The murder of a 16-year-old boy at an annual village party in rural France has revealed with stark clarity the tensions that lie near the surface of not only French society but several European countries.
No one had heard of the village of Crépol in the southeast of France until a gang of about 10 youths and young men from a housing project called La Monnaie, 12 miles away, descended on the party and, armed with knives, stabbed a 16-year-old, Thomas, to death and wounded several others, two seriously. Soon, everyone in France had heard of Crépol.
The gang had reportedly tried to gain entry to the party, but a security guard stood in their way. (It surely tells us something about modern society that a party in rural France needs a security guard.) The security guard was attacked, and some of the partygoers rushed to defend him. The gang then allegedly started to stab everyone they could reach, and they stabbed Thomas fatally in the heart and throat. The gang then fled.
Initially, the episode was presented to the French public as the kind of dispute that often breaks out when young men gather to flirt, drink, and dance. It was officially denied that the attackers came from a single housing project, but no one believed it. Moreover, everyone suspected the ethnic origins and religion of the attackers from the outset.
Official information was released in dribs and drabs. The police soon found and arrested the alleged attackers. Some were evidently trying to leave the country. Some had criminal records for various crimes, and it’s a fair bet that they had committed far more than they had ever been accused of. A minister let the cat out of the bag when he said that none of the suspects had a French-sounding name. Everyone knew what that meant: that the suspects were of North African origin. They were said to be of French nationality with mothers of French nationality, with the implication being that they weren’t just French.

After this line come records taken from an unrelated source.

(* If $a\in\mathcal{A}(D_n)$ satisfies $f'_{r,P,Q}(a)=0$ for all $P,Q\in\mathbb{N}_0^n$, then $a=0$.
   Context: Fix $n\ge1$; $|P|=\sum P_i$. $D_n=Z/U(1)$, $Z=\{r\in\mathbb{C}^{1+n}:-|r^0|^2+\sum_{i\ge1}|r^i|^2=-1\}$. $\hat D_n=\hat Z/\mathbb{C}^*$, $\hat Z=\{(p,q)\in\mathbb{C}^{1+n}\times\mathbb{C}^{1+n}:-p^0q^0+\sum_{i\ge1}p^iq^i=-1\}$, $z\cdot(p,q)=(zp,q/z)$; $\Delta_D([r])=[r,\bar r]$. $\mathcal{A}(D_n)=\{\hat a\circ\Delta_D:\hat a\in\mathcal{O}(\hat D_n)\}$, $\hat a$ uniquely determined by $a$. $P$-chart: on $\{[p,q]\in\hat D_n:q^0\neq0\}$, $\hat\phi^P([p,q])=(p^1q^0,\dots,p^nq^0,q^1/q^0,\dots,q^n/q^0)$; $Q$-chart: on $\{[p,q]:p^0\neq0\}$, $\hat\phi^Q([p,q])=(p^1/p^0,\dots,p^n/p^0,p^0q^1,\dots,p^0q^n)$; both are biholomorphic onto $\mathbb{C}^n\times\mathbb{C}^n$. For $P,Q\in\mathbb{N}_0^n$, $f'_{r,P,Q}(a)$ is the coefficient of $x^Py^Q$ in the Taylor expansion at $0$ of the entire function $\hat a\circ(\hat\phi^P)^{-1}(x,y)$ if $|P|\ge|Q|$, and of $\hat a\circ(\hat\phi^Q)^{-1}(x,y)$ if $|P|<|Q|$. *)

theory Defs
  imports "HOL-Analysis.Analysis"
begin

text \<open>Points of C^(1+n) are pairs (r0, r) with r0 the 0-th coordinate and
  r :: complex^'n the coordinates 1..n (n = CARD('n) >= 1).
  Points of C^(1+n) x C^(1+n) are pairs (p, q).\<close>

type_synonym 'n cpt = "complex \<times> (complex^'n)"
type_synonym 'n hpt = "'n cpt \<times> 'n cpt"

definition Zset :: "'n::finite cpt set" where
  "Zset = {(r0, r). (\<Sum>i\<in>UNIV. (cmod (r$i))\<^sup>2) - (cmod r0)\<^sup>2 = -1}"

definition hatZ :: "'n::finite hpt set" where
  "hatZ = {((p0, p), (q0, q)). - p0 * q0 + (\<Sum>i\<in>UNIV. p$i * q$i) = -1}"

definition cstar_act :: "complex \<Rightarrow> 'n::finite hpt \<Rightarrow> 'n hpt" where
  "cstar_act z w = (case w of ((p0, p), (q0, q)) \<Rightarrow>
     ((z * p0, \<chi> i. z * p$i), (q0 / z, \<chi> i. q$i / z)))"

definition DeltaD :: "'n::finite cpt \<Rightarrow> 'n hpt" where
  "DeltaD r = (case r of (r0, rr) \<Rightarrow> ((r0, rr), (cnj r0, \<chi> i. cnj (rr$i))))"

definition imul :: "'n::finite hpt \<Rightarrow> 'n hpt" where
  "imul w = (case w of ((p0, p), (q0, q)) \<Rightarrow>
     ((\<i> * p0, \<chi> i. \<i> * p$i), (\<i> * q0, \<chi> i. \<i> * q$i)))"

text \<open>Holomorphic functions on hat D_n = hatZ / C^*: C^*-invariant functions on the
  complex hypersurface hatZ which are holomorphic on hatZ, i.e. locally the
  restriction of a holomorphic (complex-differentiable) function on an open subset of
  the ambient space C^(2+2n).\<close>
definition holo_hatD :: "('n::finite hpt \<Rightarrow> complex) \<Rightarrow> bool" where
  "holo_hatD F \<longleftrightarrow>
     (\<forall>w\<in>hatZ. \<forall>z. z \<noteq> 0 \<longrightarrow> F (cstar_act z w) = F w) \<and>
     (\<forall>w\<in>hatZ. \<exists>U G G'. open U \<and> w \<in> U \<and> (\<forall>v\<in>U \<inter> hatZ. G v = F v) \<and>
        (\<forall>v\<in>U. (G has_derivative G' v) (at v) \<and>
                 (\<forall>h. G' v (imul h) = \<i> * G' v h)))"

definition chartP :: "'n::finite hpt \<Rightarrow> (complex^'n) \<times> (complex^'n)" where
  "chartP w = (case w of ((p0, p), (q0, q)) \<Rightarrow> ((\<chi> i. p$i * q0), (\<chi> i. q$i / q0)))"

definition chartQ :: "'n::finite hpt \<Rightarrow> (complex^'n) \<times> (complex^'n)" where
  "chartQ w = (case w of ((p0, p), (q0, q)) \<Rightarrow> ((\<chi> i. p$i / p0), (\<chi> i. p0 * q$i)))"

text \<open>hat a o (hat phi^P)^(-1) and hat a o (hat phi^Q)^(-1): evaluate at any
  representative in the chart domain mapped to (x,y).\<close>
definition compP :: "('n::finite hpt \<Rightarrow> complex) \<Rightarrow> complex^'n \<Rightarrow> complex^'n \<Rightarrow> complex" where
  "compP F x y = F (SOME w. w \<in> hatZ \<and> fst (snd w) \<noteq> 0 \<and> chartP w = (x, y))"

definition compQ :: "('n::finite hpt \<Rightarrow> complex) \<Rightarrow> complex^'n \<Rightarrow> complex^'n \<Rightarrow> complex" where
  "compQ F x y = F (SOME w. w \<in> hatZ \<and> fst (fst w) \<noteq> 0 \<and> chartQ w = (x, y))"

definition mono :: "complex^'n \<Rightarrow> ('n::finite \<Rightarrow> nat) \<Rightarrow> complex" where
  "mono x P = (\<Prod>i\<in>UNIV. (x$i) ^ P i)"

definition msize :: "('n::finite \<Rightarrow> nat) \<Rightarrow> nat" where
  "msize P = (\<Sum>i\<in>UNIV. P i)"

definition taylor_coeff ::
  "(complex^'n \<Rightarrow> complex^'n \<Rightarrow> complex) \<Rightarrow> ('n::finite \<Rightarrow> nat) \<Rightarrow> ('n \<Rightarrow> nat) \<Rightarrow> complex" where
  "taylor_coeff g = (THE c. \<exists>e>0. \<forall>x y. norm (x, y) < e \<longrightarrow>
      ((\<lambda>(P, Q). c P Q * mono x P * mono y Q) has_sum g x y) UNIV)"

definition fprime :: "('n::finite hpt \<Rightarrow> complex) \<Rightarrow> ('n \<Rightarrow> nat) \<Rightarrow> ('n \<Rightarrow> nat) \<Rightarrow> complex" where
  "fprime F P Q = (if msize P \<ge> msize Q then taylor_coeff (compP F) P Q
                   else taylor_coeff (compQ F) P Q)"

end

theory Submission
  imports Defs "HOL-Complex_Analysis.Cauchy_Integral_Formula"
begin

text \<open>Up to the \<open>\<complex>\<^sup>*\<close>-action, a point with \<open>p\<^sub>0 q\<^sub>0 \<noteq> 0\<close> is \<open>chartP_inv x y\<close> with
  \<open>s = 1 + x \<cdot> y \<noteq> 0\<close>. Along the circle \<open>t \<mapsto> (t x, y / t)\<close>, \<open>|t| = 1\<close>, the \<open>P\<close>-chart
  expansion of \<open>F\<close> reads \<open>\<Sum> c\<^sub>P\<^sub>Q x\<^sup>P y\<^sup>Q t ^ (|P| - |Q|)\<close>, and the same orbit seen in the
  \<open>Q\<close>-chart gives \<open>\<Sum> c'\<^sub>P\<^sub>Q (x/s)\<^sup>P (s y)\<^sup>Q t ^ (|P| - |Q|)\<close>. By hypothesis \<open>c\<^sub>P\<^sub>Q = 0\<close> for
  \<open>|P| \<ge> |Q|\<close> and \<open>c'\<^sub>P\<^sub>Q = 0\<close> for \<open>|P| < |Q|\<close>: two absolutely convergent Fourier series
  of one continuous function with disjoint frequencies, so it vanishes, and at \<open>t = 1\<close>
  so does \<open>F\<close>. The analytic input is that a continuous, separately holomorphic function
  on \<open>\<complex>\<^sup>m\<close> is everywhere the sum of its Cauchy power series, whose coefficients are
  unique.\<close>

section \<open>Fourier characters on the unit interval\<close>

definition fourier_char :: "int \<Rightarrow> real \<Rightarrow> complex" where
  "fourier_char k \<tau> = exp (2 * of_real pi * \<i> * of_int k * of_real \<tau>)"

lemma norm_fourier_char [simp]: "norm (fourier_char k \<tau>) = 1"
  by (simp add: fourier_char_def norm_exp_eq_Re)

lemma continuous_on_fourier_char [continuous_intros]: "continuous_on S (fourier_char k)"
  unfolding fourier_char_def by (intro continuous_intros)

lemma fourier_char_mult_cnj: "fourier_char k \<tau> * cnj (fourier_char l \<tau>) = fourier_char (k - l) \<tau>"
  by (simp add: fourier_char_def exp_cnj exp_add[symmetric] algebra_simps)

lemma integral_fourier_char: "integral {0..1} (fourier_char k) = (if k = 0 then 1 else 0)"
proof (cases "k = 0")
  case True then show ?thesis by (simp add: fourier_char_def[abs_def])
next
  case False
  define c where "c = 2 * of_real pi * \<i> * (of_int k :: complex)"
  have c0: "c \<noteq> 0" using False by (simp add: c_def)
  have "((\<lambda>\<tau>. exp (c * of_real \<tau>)) has_integral (exp (c * of_real 1) / c - exp (c * of_real 0) / c)) {0..1}"
    apply (rule fundamental_theorem_of_calculus[where f="\<lambda>\<tau>. exp (c * of_real \<tau>) / c"])
     apply simp
    apply (rule has_vector_derivative_real_field)
    apply (rule derivative_eq_intros refl)+
    using c0 by (auto simp: divide_simps)
  moreover have "exp (c * of_real 1) = 1"
    using exp_integer_2pi[of "of_int k"] by (simp add: c_def algebra_simps)
  ultimately have "((\<lambda>\<tau>. exp (c * of_real \<tau>)) has_integral 0) {0..1}" by simp
  then show ?thesis using False by (simp add: c_def fourier_char_def[abs_def] integral_unique)
qed

lemma integral_fourier_char_mult_cnj:
  "integral {0..1} (\<lambda>\<tau>. fourier_char k \<tau> * cnj (fourier_char l \<tau>)) = (if k = l then 1 else 0)"
  by (simp add: fourier_char_mult_cnj integral_fourier_char)

definition circ :: "real \<Rightarrow> complex" where
  "circ \<tau> = exp (2 * of_real pi * \<i> * of_real \<tau>)"

lemma circlepath_0_1: "circlepath 0 1 = circ"
  by (simp add: circlepath circ_def fun_eq_iff)

lemma norm_circ [simp]: "norm (circ \<tau>) = 1"
  by (simp add: circ_def norm_exp_eq_Re)

lemma circ_0 [simp]: "circ 0 = 1"
  by (simp add: circ_def)

lemma circ_mult_cnj [simp]: "circ \<tau> * cnj (circ \<tau>) = 1"
  by (metis complex_norm_square norm_circ of_real_1 power_one)

lemma continuous_on_circ [continuous_intros]:
  "continuous_on S f \<Longrightarrow> continuous_on S (\<lambda>x. circ (f x))"
  unfolding circ_def by (intro continuous_intros)

lemma circ_pow_mult_cnj_pow: "circ \<tau> ^ a * cnj (circ \<tau>) ^ b = fourier_char (int a - int b) \<tau>"
proof -
  have "circ \<tau> ^ a = exp (of_nat a * (2 * of_real pi * \<i> * of_real \<tau>))"
    by (simp add: circ_def exp_of_nat_mult)
  moreover have "cnj (circ \<tau>) ^ b = exp (of_nat b * (- (2 * of_real pi * \<i> * of_real \<tau>)))"
    by (simp add: circ_def exp_cnj flip: exp_of_nat_mult)
  ultimately show ?thesis
    by (simp add: fourier_char_def exp_add[symmetric] algebra_simps)
qed

lemma integral_circ_pow_mult_cnj_pow:
  "integral {0..1} (\<lambda>\<tau>. circ \<tau> ^ a * cnj (circ \<tau>) ^ b) = (if a = b then 1 else 0)"
  unfolding circ_pow_mult_cnj_pow integral_fourier_char by simp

A regional newspaper, Le Dauphiné, interviewed two witnesses present at the event, who claimed that they heard one of the attackers say, “We’ve come to kill whites.” This evidence hasn’t been tested in court and must therefore be taken with a pinch of salt. Another hypothesis is that the gang came to settle scores with an individual attending the party; but it’s also possible that they were inspired by Hamas’s incursion into Israel. Almost two weeks later, there’s much that remains unclear about the case, but which is probably known to the authorities.
The official denial that the gang came entirely from La Monnaie was soon followed by revelations of what life was like there. By day, it seemed calm enough, but at night, it became dangerous. Cars were burned, and there were loud vehicle rodeos. There was an ongoing turf war between the drug lords of La Monnaie and the much larger fiefdom of Valence, a city of 130,000 people, which was trying to absorb it into its territory.
In drug turf wars, violence is the method of making a takeover bid. Of course, the principal, chronic victims of the failure of the authorities to impose order on places such as La Monnaie, of which there are now hundreds, are the residents themselves. They’re obliged to live by the social, or antisocial, order created by psychopaths.
It’s obvious by the response of the authorities to the events in Crépol that they were, and remain, very nervous, fearing the development of something like a race or religious war. The so-called far right has, of course, made much of the difference in the reaction between the death of another teenager, Nahel, and that of Thomas. It’s meat and drink to them.
The contrast with the case of Nahel Merzouk, who was shot dead by police in Nanterre, a suburb of Paris, in June is striking and not reassuring. Nahel was shot while driving a car with foreign registration plates that was “rented,” though he was without a driving license and therefore without insurance. He was driving fast in a lane forbidden to cars and refused to obey an order of the police to stop. When, finally, he had to stop because of traffic conditions, the police caught up with him, and one of them shot him dead at point-blank range.
This was a gross and possibly criminal overreaction on the part of the policeman (though the case has yet to come to court), but clearly, Nahel, who might have changed with time, was no respecter of the law. He had in the past repeatedly refused to stop when ordered by the police, and if he had no formal criminal convictions, it was possibly because, under French law (as in many other jurisdictions), there’s little point in prosecuting minors for nonserious offenses. A prosecution involves huge labor for little or no result, practical or even symbolic.
Whether unlawful killing by an agent of the state is morally worse, morally, than an unlawful killing by an unsocialized (or antisocialized) gang of young men, I leave for others to decide, but there’s no doubt that the reaction to the two cases was as chalk to cheese. After Nahel’s death, there has been much lamentation and very little else besides; after his death, 5,000 vehicles and 1,000 buildings were burned or damaged, 250 police stations were attacked, and 700 police officers were injured. The disproportion is evident. On the one side is restraint; on the other is unbridled self-righteous violence.
The prospect that the restraint might one day be replaced by a similar rage, all the more volcanic for having been for long repressed, must haunt the authorities who, at the same time, must know that the responsibility for having created this situation in the first place is theirs. It’s they who for years, or decades, have tried to smooth away the problem with emollient words and slogans that were vacuous where they weren’t outright false.
The fear in France, as in other countries in Europe, is that it’s too late to do anything about it. I have therefore encountered two reactions to the situation: gloom and despair on the one hand, and denial that there’s a serious problem on the other. Neither points to a solution.